Northwest Louisiana is holding its annual Science and Engineering Fair this week, and the brightest students in the region are gearing up for the event.

The Region 1 fair covers five parishes. In order to be eligible, students from Bossier, Caddo, Webster, Red River, and DeSoto parish had to place first, second, or third in science fairs at their schools.

More than 500 students will compete and be judged by 135 professionals from throughout the region.

Bob Boykin, a professor at Bossier Parish Community College, will be overseeing the competition, as he has for the last twenty-two years. He explained that the competition is divided into three divisions—elementary, middle school, and high school.

Within the divisions, there are seventeen categories students can enter, including animal sciences, chemistry, behavioral and social sciences, astronomy, and engineering.

“Each school, in each division, can enter ten projects,” Boykin said. “The teachers pick the ten, and then the one school that has the most points, they take home a trophy. And we have three trophies for each division.”

The competition has produced some memorable winners in the past. Perhaps the most memorable is Henry Lin, a student at Caddo Magnet High School who won a trip to the International Science Fair, where he took second place for his galaxy cluster simulations.

“That’s an international fair,” Boykin said. “That’s 70 countries, which speaks volumes for the math and science that northwest Louisiana is preparing.”

Boykin also said that the number of competitors has dwindled in recent years, as there has been a shift in focus in the local schools. Science has become less of a priority in many curriculums, as schools have begun to put more emphasis on English and mathematics.

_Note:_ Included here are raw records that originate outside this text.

(* Let $P(\theta,z)=(\theta+\alpha,p_\theta(z))$ be a fibred polynomial dynamics over an irrational rotation, and let $\Gamma\subset\mathbb{T}^1\times\mathbb{C}$ be an attracting invariant $n$-curve for $P$. Then there exists an open set $\mathcal{T}\subset\mathbb{T}^1\times\mathbb{C}$ containing $\Gamma$ such that every point of $\mathcal{T}$ is attracted to $\Gamma$, i.e. for every $(\theta,z)\in\mathcal{T}$, $\operatorname{dist}(P^k(\theta,z),\Gamma)\to0$ as $k\to\infty$. Moreover, for every $\theta\in\mathbb{T}^1$, the fiber $\mathcal{T}_\theta=\{z:(\theta,z)\in\mathcal{T}\}$ consists of $n$ components, each of which contains a point of $\Gamma_\theta=\{z:(\theta,z)\in\Gamma\}$.
   Context: $\mathbb{T}^1=\mathbb{R}/\mathbb{Z}$, $\langle x\rangle$ is the fractional part. A fibred polynomial dynamics over an irrational rotation is a continuous map $P(\theta,z)=(\theta+\alpha,p_\theta(z))$ on $\mathbb{T}^1\times\mathbb{C}$ with $\alpha$ irrational and $p_\theta$ a polynomial whose coefficients depend continuously on $\theta$. An $n$-curve is a set $\Gamma=\{(\langle n\theta\rangle,\tilde\gamma(\theta)):\theta\in\mathbb{T}^1\}$ with $\tilde\gamma:\mathbb{T}^1\to\mathbb{C}$ continuous and injective (an unfolding of $\Gamma$). $\Gamma$ is an invariant $n$-curve for $P$ if for some unfolding $\tilde\gamma$ and some $\tau\in\{0,\dots,n-1\}$, $p_{\langle n\theta\rangle}(\tilde\gamma(\theta))=\tilde\gamma(\theta+\tfrac{\alpha+\tau}{n})$ for all $\theta$ (i.e. $\tilde\gamma$ is an invariant curve of the lifting $\tilde P_\tau(\theta,z)=(\theta+\frac{\alpha+\tau}{n},p_{\langle n\theta\rangle}(z))$ of $P$ under $(\theta,z)\mapsto(\langle n\theta\rangle,z)$). It is attracting if $\exp\big(\int_{\mathbb{T}^1}\log|p'_{\langle n\theta\rangle}(\tilde\gamma(\theta))|\,d\theta\big)<1$ (with the integrand in $L^1$). *)

theory Defs
  imports "HOL-Analysis.Analysis" "HOL-Computational_Algebra.Polynomial"
begin

text \<open>The circle T^1 = R/Z is represented through its universal cover R:
  functions on T^1 are 1-periodic functions on R, and subsets of T^1 x C are
  subsets of R x C that are invariant under (theta,z) -> (theta+1,z).
  Open sets / distances in T^1 x C correspond to open sets / distances of the
  lifted (periodic) sets in R x C.\<close>

definition fibred_poly_dynamics :: "real \<Rightarrow> (real \<Rightarrow> complex poly) \<Rightarrow> bool" where
  "fibred_poly_dynamics \<alpha> p \<longleftrightarrow>
     \<alpha> \<notin> \<rat> \<and>
     (\<forall>\<theta>. p (\<theta> + 1) = p \<theta>) \<and>
     (\<exists>d. \<forall>\<theta>. degree (p \<theta>) \<le> d) \<and>
     (\<forall>i. continuous_on UNIV (\<lambda>\<theta>. coeff (p \<theta>) i))"

definition fibred_map :: "real \<Rightarrow> (real \<Rightarrow> complex poly) \<Rightarrow> real \<times> complex \<Rightarrow> real \<times> complex" where
  "fibred_map \<alpha> p x = (fst x + \<alpha>, poly (p (fst x)) (snd x))"

definition is_unfolding :: "(real \<Rightarrow> complex) \<Rightarrow> bool" where
  "is_unfolding \<gamma> \<longleftrightarrow> continuous_on UNIV \<gamma> \<and> (\<forall>t. \<gamma> (t + 1) = \<gamma> t) \<and>
     (\<forall>s t. \<gamma> s = \<gamma> t \<longrightarrow> s - t \<in> \<int>)"

text \<open>Lift to R x C of the n-curve {(<n theta>, gamma theta)}.\<close>
definition ncurve :: "nat \<Rightarrow> (real \<Rightarrow> complex) \<Rightarrow> (real \<times> complex) set" where
  "ncurve n \<gamma> = {(x, \<gamma> t) | x t. x - real n * t \<in> \<int>}"

definition attracting_invariant_ncurve ::
  "real \<Rightarrow> (real \<Rightarrow> complex poly) \<Rightarrow> nat \<Rightarrow> (real \<times> complex) set \<Rightarrow> bool" where
  "attracting_invariant_ncurve \<alpha> p n \<Gamma> \<longleftrightarrow> n \<ge> 1 \<and>
     (\<exists>\<gamma> \<tau>. is_unfolding \<gamma> \<and> \<Gamma> = ncurve n \<gamma> \<and> \<tau> < n \<and>
       (\<forall>t. poly (p (frac (real n * t))) (\<gamma> t) = \<gamma> (t + (\<alpha> + real \<tau>) / real n)) \<and>
       (AE t in lebesgue_on {0..1}. poly (pderiv (p (frac (real n * t)))) (\<gamma> t) \<noteq> 0) \<and>
       integrable (lebesgue_on {0..1}) (\<lambda>t. ln (cmod (poly (pderiv (p (frac (real n * t)))) (\<gamma> t)))) \<and>
       exp (integral\<^sup>L (lebesgue_on {0..1}) (\<lambda>t. ln (cmod (poly (pderiv (p (frac (real n * t)))) (\<gamma> t))))) < 1)"

end

(*
  Lifting along theta -> n theta turns the n-curve into the graph of a continuous 1-periodic
  curve gamma, invariant under the skew product (t, z) -> (t + omega, p_(n t) z) over the
  irrational rotation by omega = (alpha + tau) / n.  The Lyapunov integral of
  ln |p'_(n t) (gamma t)| is negative, and stays negative after adding a small eps to |p'|.
  Since omega is irrational, q omega is within a small s of an integer for some q, so orbit
  segments of the rotation split into Riemann sums of step s; hence for some N all N-step
  Birkhoff sums of ln (|p'| + eps) are uniformly negative, i.e. every product of N consecutive
  factors |p'| + eps is at most some c < 1.  Near gamma the fibre maps are uniformly close to
  their linearisations, so from a uniform distance delta on the distance to the curve decays
  geometrically.  The delta-tube around Gamma is therefore attracted to Gamma, and if delta is
  also less than half the minimal distance between the n points of a fibre of Gamma, each fibre
  of the tube is a disjoint union of n discs centred on Gamma.
*)

theory Submission
  imports Defs
begin

section \<open>Periodic functions on the real line\<close>

lemma periodic_shift_int:
  fixes f :: "real \<Rightarrow> 'a"
  assumes per: "\<And>x. f (x + 1) = f x"
  shows "f (x + of_int k) = f x"
proof (induction k rule: int_induct[where k = 0])
  case (step1 i)
  then show ?case using per[of "x + of_int i"] by (simp add: add.assoc)
next
  case (step2 i)
  then show ?case using per[of "x + of_int (i - 1)"] by (simp add: add.assoc)
qed simp

lemma periodic_shift_Ints:
  fixes f :: "real \<Rightarrow> 'a"
  assumes "\<And>x. f (x + 1) = f x" and "c \<in> \<int>"
  shows "f (x + c) = f x"
  using assms(2) periodic_shift_int[of f, OF assms(1)] by (auto elim: Ints_cases)

lemma periodic_frac:
  fixes f :: "real \<Rightarrow> 'a"
  assumes "\<And>x. f (x + 1) = f x"
  shows "f (frac x) = f x"
  using periodic_shift_int[of f, OF assms, of "frac x" "\<lfloor>x\<rfloor>"] by (simp add: frac_def)

lemma periodic_range:
  fixes f :: "real \<Rightarrow> 'a"
  assumes "\<And>x. f (x + 1) = f x"
  shows "range f = f ` {0..1}"
proof -
  have "f x \<in> f ` {0..1}" for x
    using periodic_frac[of f, OF assms, of x] frac_ge_0[of x] frac_lt_1[of x]
    by (metis atLeastAtMost_iff image_eqI less_le_not_le)
  then show ?thesis by auto
qed

lemma periodic_bounded:
  fixes g :: "real \<Rightarrow> 'a::real_normed_vector"
  assumes "continuous_on UNIV g" and "\<And>x. g (x + 1) = g x"
  shows "bounded (range g)"
  unfolding periodic_range[of g, OF assms(2)]
  by (intro compact_imp_bounded compact_continuous_image continuous_on_subset[OF assms(1)]) auto

lemma periodic_uniformly_continuous:
  fixes g :: "real \<Rightarrow> 'a::real_normed_vector"
  assumes cont: "continuous_on UNIV g" and per: "\<And>x. g (x + 1) = g x"
  shows "uniformly_continuous_on UNIV g"
  unfolding uniformly_continuous_on_def
proof (intro allI impI)
  fix e :: real assume "e > 0"
  have "uniformly_continuous_on {-1..2} g"
    by (intro compact_uniformly_continuous continuous_on_subset[OF cont]) auto
  then obtain d where d: "d > 0"
    and close: "\<And>x y. x \<in> {-1..2} \<Longrightarrow> y \<in> {-1..2} \<Longrightarrow> dist y x < d \<Longrightarrow> dist (g y) (g x) < e"
    by (rule uniformly_continuous_onE[OF _ \<open>e > 0\<close>]) blast
  have "dist (g y) (g x) < e" if "dist y x < min d 1" for x y
  proof -
    define k where "k = \<lfloor>x\<rfloor>"
    have "x - k \<in> {-1..2}" "y - k \<in> {-1..2}" "dist (y - k) (x - k) < d"
      using that k_def by (auto simp: dist_real_def) linarith+
    moreover have "g (x - k) = g x" "g (y - k) = g y"
      using periodic_shift_int[of g, OF per, of "x - k" k] periodic_shift_int[of g, OF per, of "y - k" k]
      by simp_all
    ultimately show ?thesis using close[of "x - k" "y - k"] by simp
  qed
  then show "\<exists>d>0. \<forall>x\<in>UNIV. \<forall>y\<in>UNIV. dist y x < d \<longrightarrow> dist (g y) (g x) < e"
    using d by (intro exI[of _ "min d 1"]) auto
qed

lemma periodic_integral_shift:
  fixes g :: "real \<Rightarrow> real"
  assumes cont: "continuous_on UNIV g" and per: "\<And>x. g (x + 1) = g x"
  shows "integral {t..t+1} g = integral {0..1} g"
proof -
  define u where "u = frac t"
  have u: "0 \<le> u" "u \<le> 1" using frac_ge_0[of t] frac_lt_1[of t] u_def by auto
  have intg: "g integrable_on {a..b}" for a b
    by (intro integrable_continuous_interval continuous_on_subset[OF cont]) auto
  have shift: "g \<circ> (+) (of_int k) = g" for k
    by (rule ext) (simp add: periodic_shift_int[of g, OF per] add.commute)
  have "integral {t..t+1} g = integral {u + of_int \<lfloor>t\<rfloor>..u + 1 + of_int \<lfloor>t\<rfloor>} g"
    by (simp add: u_def frac_def)
  also have "\<dots> = integral {u..u+1} g"
    using integral_shift_Icc_real[where f = g and c = "of_int \<lfloor>t\<rfloor>" and a = u and b = "u + 1"] shift
    by simp
  also have "\<dots> = integral {u..1} g + integral {1..u+1} g"
    using Henstock_Kurzweil_Integration.integral_combine[where a = u and c = 1 and b = "u + 1" and f = g] u intg
    by simp
  also have "integral {1..u+1} g = integral {0..u} g"
    using integral_shift_Icc_real[where f = g and c = 1 and a = 0 and b = u] shift[of 1] by simp
  also have "integral {u..1} g + integral {0..u} g = integral {0..1} g"
    using Henstock_Kurzweil_Integration.integral_combine[where a = 0 and c = u and b = 1 and f = g] u intg
    by simp
  finally show ?thesis .
qed

section \<open>Uniformly negative Birkhoff sums over an irrational rotation\<close>

lemma integral_consecutive_intervals:
  fixes f :: "real \<Rightarrow> real"
  assumes intg: "\<And>a b. f integrable_on {a..b}" and "h \<ge> 0"
  shows "(\<Sum>m<L. integral {x + real m * h..x + real m * h + h} f) = integral {x..x + real L * h} f"
proof (induction L)
  case (Suc L)
  have "integral {x..x + real L * h} f + integral {x + real L * h..x + real L * h + h} f
        = integral {x..x + real L * h + h} f"
    using Henstock_Kurzweil_Integration.integral_combine[where a = x and c = "x + real L * h"
        and b = "x + real L * h + h" and f = f] \<open>h \<ge> 0\<close> intg
    by simp
  then show ?case using Suc by (simp add: algebra_simps)
qed simp

lemma periodic_riemann_sum_le:
  fixes g :: "real \<Rightarrow> real" and L :: nat
  assumes cont: "continuous_on UNIV g" and per: "\<And>x. g (x + 1) = g x"
    and bound: "\<And>x. \<bar>g x\<bar> \<le> M"
    and osc: "\<And>x y. \<bar>x - y\<bar> \<le> h \<Longrightarrow> g x \<le> g y + e" and "e \<ge> 0"
    and h: "h > 0" "real L * h \<le> 1" "1 < (real L + 1) * h"
  shows "h * (\<Sum>m<L. g (x + real m * h)) \<le> integral {0..1} g + h * M + e"
proof -
  have intg: "g integrable_on {a..b}" for a b
    by (intro integrable_continuous_interval continuous_on_subset[OF cont]) auto
  have cell: "h * g y \<le> integral {y..y + h} g + h * e" for y
  proof -
    have "g y - e \<le> g z" if "z \<in> {y..y + h}" for z
      using osc[of y z] that by (auto simp: abs_le_iff)
    then have "integral {y..y + h} (\<lambda>_. g y - e) \<le> integral {y..y + h} g"
      by (intro integral_le intg) auto
    then show ?thesis using h by (simp add: algebra_simps)
  qed
  have "h * (\<Sum>m<L. g (x + real m * h)) = (\<Sum>m<L. h * g (x + real m * h))"
    by (simp add: sum_distrib_left)
  also have "\<dots> \<le> (\<Sum>m<L. integral {x + real m * h..x + real m * h + h} g + h * e)"
    using cell by (intro sum_mono) auto
  also have "\<dots> = integral {x..x + real L * h} g + real L * h * e"
    using integral_consecutive_intervals[OF intg, where h = h and L = L and x = x] h
    by (simp add: sum.distrib)
  finally have riemann:
    "h * (\<Sum>m<L. g (x + real m * h)) \<le> integral {x..x + real L * h} g + real L * h * e" .
  have split: "integral {x..x + real L * h} g + integral {x + real L * h..x + 1} g = integral {0..1} g"
    using Henstock_Kurzweil_Integration.integral_combine[where a = x and c = "x + real L * h"
        and b = "x + 1" and f = g] h intg periodic_integral_shift[OF cont per, of x]
    by simp
  have "norm (integral {x + real L * h..x + 1} g) \<le> M * ((x + 1) - (x + real L * h))"
    using h bound by (intro integral_bound continuous_on_subset[OF cont]) auto
  also have "\<dots> \<le> M * h"
    using h bound[of 0] by (intro mult_left_mono) (auto simp: algebra_simps)
  finally have rest: "\<bar>integral {x + real L * h..x + 1} g\<bar> \<le> h * M" by (simp add: mult.commute)
  have "real L * h * e \<le> e" using h \<open>e \<ge> 0\<close> by (simp add: mult_left_le_one_le)
  with riemann split rest show ?thesis by linarith
qed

“It goes in cycles. I expect to see a shift back towards science in the near future,” Boykin said.

Elizabeth Volden placed second in Calvary Baptist Academy’s competition, and is competing in the Medicine and Health Sciences category.

“I did ‘Brighten Your Smile,’ which is on what different things stain teeth the most. I found out that really, the pomegranate blueberry juice darkened it the most, but it really mostly had to do with the color. The darker the juice was, the darker it stained,” said Volden.

Fourth grader Jordan Lowe was competing in the earth and planetary sciences category with his project “Egg-ceptional Crystals.”

“We are growing crystals out of egg shells. We did the experiment, and we saw that my hypothesis, which was that the red food coloring would grow more crystals, was wrong, because when we checked them, the size of the crystals were all about the same,” said Lowe.

The science fair begins on Friday, March 7, and begins with judging from 9-11:30 a.m. and 12:30-3 p.m. and opens to the public from 6-8 p.m. On Saturday, visitation is allowed from 8:30-10 a.m. and the awards ceremony will be held from 10-11 a.m.

The fair is sponsored by BPCC, the Bossier City Optimist Club, Kilpatrick’s Rose-Neath Funeral Homes, Cemeteries and Flower Shops Inc., the Louisiana Engineering Society, and the City of Bossier.